[Collected data]
lemma separable_space_orthonormal_basis_seq:
  assumes "separable_space (euclidean :: 'a::{real_inner,complete_space} topology)"
  obtains e :: "nat \<Rightarrow> 'a::{real_inner,complete_space}" where "orthonormal_basis_seq e"
proof -
  obtain z :: "nat \<Rightarrow> 'a" where z: "\<And>x \<epsilon>. \<epsilon> > 0 \<Longrightarrow> \<exists>n. dist (z n) x < \<epsilon>"
    using separable_space_dense_sequence[OF assms] by blast
  have "orthonormal_basis_seq (gram_schmidt z)"
  proof unfold_locales
    show "gram_schmidt z i = 0 \<or> norm (gram_schmidt z i) = 1" for i
      by (rule gram_schmidt_unit_or_zero)
    show "inner (gram_schmidt z i) (gram_schmidt z j) = 0" if "i \<noteq> j" for i j
      using that by (rule gram_schmidt_orthogonal)
    show "\<exists>n. \<exists>w\<in>span (gram_schmidt z ` {..<n}). dist x w < \<epsilon>" if \<epsilon>: "\<epsilon> > 0" for x \<epsilon>
    proof -
      obtain n where "dist (z n) x < \<epsilon>"
        using z[OF \<epsilon>] by blast
      moreover have "z n \<in> span (gram_schmidt z ` {..<Suc n})"
        using in_span_gram_schmidt[of z n] by (simp add: lessThan_Suc_atMost)
      ultimately show ?thesis
        by (intro exI[of _ "Suc n"] bexI[of _ "z n"]) (simp_all add: dist_commute)
    qed
  qed
  then show ?thesis
    by (rule that)
qed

§ Task objective
Starting from the first line of the records above, retype each line exactly up to and including the one that contains "proof unfold_locales", and nothing more.

§ The completed task
lemma separable_space_orthonormal_basis_seq:
  assumes "separable_space (euclidean :: 'a::{real_inner,complete_space} topology)"
  obtains e :: "nat \<Rightarrow> 'a::{real_inner,complete_space}" where "orthonormal_basis_seq e"
proof -
  obtain z :: "nat \<Rightarrow> 'a" where z: "\<And>x \<epsilon>. \<epsilon> > 0 \<Longrightarrow> \<exists>n. dist (z n) x < \<epsilon>"
    using separable_space_dense_sequence[OF assms] by blast
  have "orthonormal_basis_seq (gram_schmidt z)"
  proof unfold_locales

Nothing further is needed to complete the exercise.